Notes on Venado
Yurlungur opened this issue · 0 comments
Yurlungur commented
I am going to put my notes on building/running on Venado here.
Grace-Grace Superchip Nodes
These were pretty easy to build for:
module load cray-mpich cray-hdf5-parallel
cmake -DPARTHENON_DISABLE_HDF5_COMPRESSION=ON -DPARTHENON_ENABLE_PYTHON_MODULE_CHECK=OFF ..
make -j20
There is a bug in cray-mpich so to run you must export
export MPICH_MALLOC_FALLBACK=1
# note CMA doesn't work here. NONE is required.
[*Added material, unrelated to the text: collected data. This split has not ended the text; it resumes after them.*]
(* Let $a,b$ be integers with $1\le a\le b$. Then there exists a tree $T$ such that $\tau(T)=a$ and $\beta_p(T)=b$.
   Context: Graphs are finite, simple, connected. Two vertices $u,v$ are twins if $N(u)\setminus\{v\}=N(v)\setminus\{u\}$; the twin number $\tau(G)$ is the maximum cardinality of an equivalence class of the twin relation. For a partition $\Pi=\{S_1,\dots,S_k\}$ of $V(G)$, $r(u|\Pi)=(d(u,S_1),\dots,d(u,S_k))$ with $d(u,S)=\min_{w\in S}d(u,w)$; $\Pi$ is locating if $r(u|\Pi)\ne r(v|\Pi)$ for all distinct $u,v$; $\beta_p(G)$ is the minimum size of a locating partition (for the one-vertex graph, $\tau=\beta_p=1$). *)

theory Defs
  imports Main "HOL-Library.Disjoint_Sets"
begin

definition simple_graph :: "'a set \<Rightarrow> ('a \<Rightarrow> 'a \<Rightarrow> bool) \<Rightarrow> bool" where
  "simple_graph V E \<longleftrightarrow> finite V \<and> V \<noteq> {} \<and>
     (\<forall>x y. E x y \<longrightarrow> x \<in> V \<and> y \<in> V) \<and>
     (\<forall>x y. E x y \<longrightarrow> E y x) \<and> (\<forall>x. \<not> E x x)"

definition edge_rel :: "('a \<Rightarrow> 'a \<Rightarrow> bool) \<Rightarrow> ('a \<times> 'a) set" where
  "edge_rel E = {(x, y). E x y}"

definition connected_graph :: "'a set \<Rightarrow> ('a \<Rightarrow> 'a \<Rightarrow> bool) \<Rightarrow> bool" where
  "connected_graph V E \<longleftrightarrow> simple_graph V E \<and>
     (\<forall>u\<in>V. \<forall>v\<in>V. (u, v) \<in> (edge_rel E)\<^sup>*)"

definition is_cycle :: "('a \<Rightarrow> 'a \<Rightarrow> bool) \<Rightarrow> 'a list \<Rightarrow> bool" where
  "is_cycle E xs \<longleftrightarrow> length xs \<ge> 3 \<and> distinct xs \<and>
     (\<forall>i. Suc i < length xs \<longrightarrow> E (xs ! i) (xs ! Suc i)) \<and>
     E (last xs) (hd xs)"

definition is_tree :: "'a set \<Rightarrow> ('a \<Rightarrow> 'a \<Rightarrow> bool) \<Rightarrow> bool" where
  "is_tree V E \<longleftrightarrow> connected_graph V E \<and> (\<nexists>xs. is_cycle E xs)"

definition gdist :: "('a \<Rightarrow> 'a \<Rightarrow> bool) \<Rightarrow> 'a \<Rightarrow> 'a \<Rightarrow> nat" where
  "gdist E u v = (LEAST n. (u, v) \<in> (edge_rel E) ^^ n)"

definition set_dist :: "('a \<Rightarrow> 'a \<Rightarrow> bool) \<Rightarrow> 'a \<Rightarrow> 'a set \<Rightarrow> nat" where
  "set_dist E u S = Min ((\<lambda>w. gdist E u w) ` S)"

definition locating_partition :: "'a set \<Rightarrow> ('a \<Rightarrow> 'a \<Rightarrow> bool) \<Rightarrow> 'a set set \<Rightarrow> bool" where
  "locating_partition V E P \<longleftrightarrow> partition_on V P \<and>
     (\<forall>u\<in>V. \<forall>v\<in>V. u \<noteq> v \<longrightarrow> (\<exists>S\<in>P. set_dist E u S \<noteq> set_dist E v S))"

definition partition_dimension :: "'a set \<Rightarrow> ('a \<Rightarrow> 'a \<Rightarrow> bool) \<Rightarrow> nat" where
  "partition_dimension V E = (LEAST k. \<exists>P. locating_partition V E P \<and> card P = k)"

definition nbhd :: "('a \<Rightarrow> 'a \<Rightarrow> bool) \<Rightarrow> 'a \<Rightarrow> 'a set" where
  "nbhd E u = {w. E u w}"

definition twins :: "('a \<Rightarrow> 'a \<Rightarrow> bool) \<Rightarrow> 'a \<Rightarrow> 'a \<Rightarrow> bool" where
  "twins E u v \<longleftrightarrow> nbhd E u - {v} = nbhd E v - {u}"

definition twin_number :: "'a set \<Rightarrow> ('a \<Rightarrow> 'a \<Rightarrow> bool) \<Rightarrow> nat" where
  "twin_number V E = Max ((\<lambda>u. card {v\<in>V. twins E u v}) ` V)"

end

theory Submission
  imports Defs "HOL-Library.Nat_Bijection"
begin

text \<open>
  For b \<ge> 2 take a spider: a centre with a pendant leaves and legs of length two indexed by
  the pairs (p, q) \<in> [1, b)^2 other than (p, p) with p < a. Its only nontrivial twin class
  is the set of leaves. Put the centre and leaf 0 into block 0, leaf k into block k, and the middle
  and end of leg (p, q) into blocks p and q. These b blocks form a locating partition: vertices in
  different blocks are separated by distance 0 to a block, and vertices in the same block by the
  blocks containing their neighbours, i.e. by distance 1.

  Conversely, a neighbour u of the centre reaches every vertex outside its branch through the
  centre, so two such vertices whose branches meet the classes of a locating partition in the same
  way have the same distances to all classes. Hence the a + (b - 1)^2 - (a - 1) branches get
  distinct pairs (class of u, class of the far end of its branch), and k classes need
  k^2 > (b - 1)^2. For b = 1 the one-vertex graph works.
\<close>

lemma not_is_cycle_if_unique_parent:
  fixes level :: "'a \<Rightarrow> nat"
  assumes sym: "\<And>u v. E u v \<Longrightarrow> E v u"
    and level_step: "\<And>u v. E u v \<Longrightarrow> level v = Suc (level u) \<or> level u = Suc (level v)"
    and unique_parent: "\<And>u v w. E u v \<Longrightarrow> E u w \<Longrightarrow> level v < level u \<Longrightarrow> level w < level u \<Longrightarrow> v = w"
  shows "\<not> is_cycle E xs"
proof
  assume cyc: "is_cycle E xs"
  define n where "n = length xs"
  have "xs \<noteq> []" using cyc by (auto simp: is_cycle_def)
  have n3: "n \<ge> 3" and dist: "distinct xs"
    and adj: "\<And>i. Suc i < n \<Longrightarrow> E (xs ! i) (xs ! Suc i)" and closing: "E (xs ! (n - 1)) (xs ! 0)"
    using cyc \<open>xs \<noteq> []\<close> by (auto simp: is_cycle_def n_def last_conv_nth hd_conv_nth)
  \<comment> \<open>a vertex of maximal level on the cycle has two distinct lower neighbours on it\<close>
  obtain i where i: "i < n" and top: "\<And>j. j < n \<Longrightarrow> level (xs ! j) \<le> level (xs ! i)"
  proof -
    have "Max (level ` set xs) \<in> level ` set xs" using \<open>xs \<noteq> []\<close> by (intro Max_in) auto
    then obtain i where i: "i < n" "level (xs ! i) = Max (level ` set xs)"
      by (auto simp: in_set_conv_nth n_def)
    have "level (xs ! j) \<le> level (xs ! i)" if "j < n" for j
      unfolding i(2) using that by (intro Max_ge) (auto simp: n_def)
    with i(1) show ?thesis by (rule that)
  qed
  define before where "before = (if i = 0 then n - 1 else i - 1)"
  define after where "after = (if i = n - 1 then 0 else i + 1)"
  have "before < n" "after < n" "before \<noteq> after"
    using i n3 by (auto simp: before_def after_def)
  have "E (xs ! before) (xs ! i)"
    using adj[of "i - 1"] closing i by (cases "i = 0") (auto simp: before_def)
  then have edge_before: "E (xs ! i) (xs ! before)" by (rule sym)
  have edge_after: "E (xs ! i) (xs ! after)"
    using adj[of i] closing i by (cases "i = n - 1") (auto simp: after_def)
  have "level (xs ! before) < level (xs ! i)"
    using level_step[OF edge_before] top[OF \<open>before < n\<close>] by linarith
  moreover have "level (xs ! after) < level (xs ! i)"
    using level_step[OF edge_after] top[OF \<open>after < n\<close>] by linarith
  ultimately have "xs ! before = xs ! after" using unique_parent edge_before edge_after by blast
  with \<open>before < n\<close> \<open>after < n\<close> \<open>before \<noteq> after\<close> dist show False
    by (simp add: n_def nth_eq_iff_index_eq)
qed

lemma gdist_eqI:
  fixes D :: "'a \<Rightarrow> nat"
  assumes walk: "(u, w) \<in> edge_rel E ^^ D u"
    and target: "D w = 0"
    and step: "\<And>x y. E x y \<Longrightarrow> D x \<le> Suc (D y)"
  shows "gdist E u w = D u"
proof -
  have "D x \<le> n" if "(x, w) \<in> edge_rel E ^^ n" for x n
    using that
  proof (induction n arbitrary: x)
    case 0
    then show ?case using target by simp
  next
    case (Suc n)
    obtain y where "(x, y) \<in> edge_rel E" "(y, w) \<in> edge_rel E ^^ n"
      using relpow_Suc_D2[OF Suc.prems] by blast
    with Suc.IH step show ?case by (fastforce simp: edge_rel_def)
  qed
  with walk show ?thesis unfolding gdist_def by (intro Least_equality)
qed

lemma gdist_eq_0_iff:
  assumes "(u, w) \<in> (edge_rel E)\<^sup>*"
  shows "gdist E u w = 0 \<longleftrightarrow> u = w"
proof
  assume "gdist E u w = 0"
  moreover obtain n where "(u, w) \<in> edge_rel E ^^ n" using assms rtrancl_power by blast
  ultimately have "(u, w) \<in> edge_rel E ^^ 0" unfolding gdist_def by (metis LeastI)
  then show "u = w" by simp
qed (simp add: gdist_def)

lemma gdist_eq_1_iff:
  assumes "(u, w) \<in> (edge_rel E)\<^sup>*"
  shows "gdist E u w = 1 \<longleftrightarrow> u \<noteq> w \<and> E u w"
proof
  assume d: "gdist E u w = 1"
  obtain n where "(u, w) \<in> edge_rel E ^^ n" using assms rtrancl_power by blast
  then have "(u, w) \<in> edge_rel E ^^ 1" using d unfolding gdist_def by (metis LeastI)
  then show "u \<noteq> w \<and> E u w" using d gdist_eq_0_iff[OF assms] by (simp add: edge_rel_def)
next
  assume uw: "u \<noteq> w \<and> E u w"
  show "gdist E u w = 1"
    unfolding gdist_def
  proof (rule Least_equality)
    show "(u, w) \<in> edge_rel E ^^ 1" using uw by (simp add: edge_rel_def)
    show "1 \<le> n" if "(u, w) \<in> edge_rel E ^^ n" for n
      using that uw by (cases n) auto
  qed
qed

lemma set_dist_attained:
  assumes "finite S" "S \<noteq> {}"
  obtains w where "w \<in> S" "set_dist E u S = gdist E u w"
proof -
  have "set_dist E u S \<in> gdist E u ` S" unfolding set_dist_def using assms by (intro Min_in) auto
  then show ?thesis using that by auto
qed

lemma set_dist_le: "finite S \<Longrightarrow> w \<in> S \<Longrightarrow> set_dist E u S \<le> gdist E u w"
  unfolding set_dist_def by (intro Min_le) auto

lemma set_dist_eq_0_iff:
  assumes "connected_graph V E" "u \<in> V" "S \<subseteq> V" "finite S" "S \<noteq> {}"
  shows "set_dist E u S = 0 \<longleftrightarrow> u \<in> S"
proof -
  have d0: "gdist E u w = 0 \<longleftrightarrow> u = w" if "w \<in> S" for w
    using assms that by (intro gdist_eq_0_iff) (auto simp: connected_graph_def)
  show ?thesis
  proof
    assume "set_dist E u S = 0"
    then show "u \<in> S" using set_dist_attained[OF assms(4,5)] d0 by metis
  next
    assume "u \<in> S"
    then show "set_dist E u S = 0" using set_dist_le[OF assms(4), of u E u] d0[of u] by simp
  qed
qed

lemma set_dist_eq_1_iff:
  assumes "connected_graph V E" "u \<in> V" "S \<subseteq> V" "finite S" "S \<noteq> {}"
  shows "set_dist E u S = 1 \<longleftrightarrow> u \<notin> S \<and> (\<exists>w\<in>S. E u w)"
proof -
  have d1: "gdist E u w = 1 \<longleftrightarrow> u \<noteq> w \<and> E u w" if "w \<in> S" for w
    using assms that by (intro gdist_eq_1_iff) (auto simp: connected_graph_def)
  show ?thesis
  proof
    assume d: "set_dist E u S = 1"
    then obtain x where "x \<in> S" "gdist E u x = 1" using set_dist_attained[OF assms(4,5)] by metis
    then show "u \<notin> S \<and> (\<exists>w\<in>S. E u w)" using d set_dist_eq_0_iff[OF assms] d1 by auto
  next
    assume "u \<notin> S \<and> (\<exists>w\<in>S. E u w)"
    then obtain w where "u \<notin> S" "w \<in> S" "E u w" by blast
    then have "set_dist E u S \<le> 1" using set_dist_le[OF assms(4), of w E u] d1[of w] by fastforce
    moreover have "set_dist E u S \<noteq> 0" using \<open>u \<notin> S\<close> set_dist_eq_0_iff[OF assms] by blast
    ultimately show "set_dist E u S = 1" by linarith
  qed
qed

lemma partition_on_same_part:
  assumes "partition_on A P" "S \<in> P" "S' \<in> P" "x \<in> S" "y \<in> S"
  shows "x \<in> S' \<longleftrightarrow> y \<in> S'"
  using assms partition_onD2[OF assms(1)] by (metis disjnt_iff pairwiseD)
export MPICH_SMP_SINGLE_COPY_MODE=NONE
But then you can run. I see about 5e7 zone-cycles per node second with pure MPI without doing any thought or optimization.
Grace-Hopper Chips
These require cuda toolkit. PrgEnv-cray
and PrgEnv-gnu
both work. However, I needed to change the version of Kokkos to 4.2.01
. In external/Kokkos
, git checkout 4.2.01
. Then:
module swap PrgEnv-gnu # necessary or not? unclear
module load cray-mpich cray-hdf5-parallel cudatoolkit
export MPICH_OFI_NIC_POLICY=GPU # GPU NUMA ROUND-ROBIN
export MPICH_GPU_SUPPORT_ENABLED=1 # Allows GPU Aware MPI
export CRAY_ACCEL_TARGET=nvidia90
export MPICH_MALLOC_FALLBACK=1
export MPICH_SMP_SINGLE_COPY_MODE=NONE
export MPICH_MAX_THREAD_SAFETY=multiple
export FI_CXI_RX_MATCH_MODE=hybrid
export PMI_MMAP_SYNC_WAIT_TIME=600
and then
cmake -DKokkos_ENABLE_CUDA=ON -DKokkos_ENABLE_CUDA_LAMBDA=ON -DPARTHENON_DISABLE_HDF5_COMPRESSION=ON -DPARTHENON_ENABLE_PYTHON_MODULE_CHECK=OFF ..
make -j20
The code runs on single node with MPI. Have not yet checked multi-node or performance.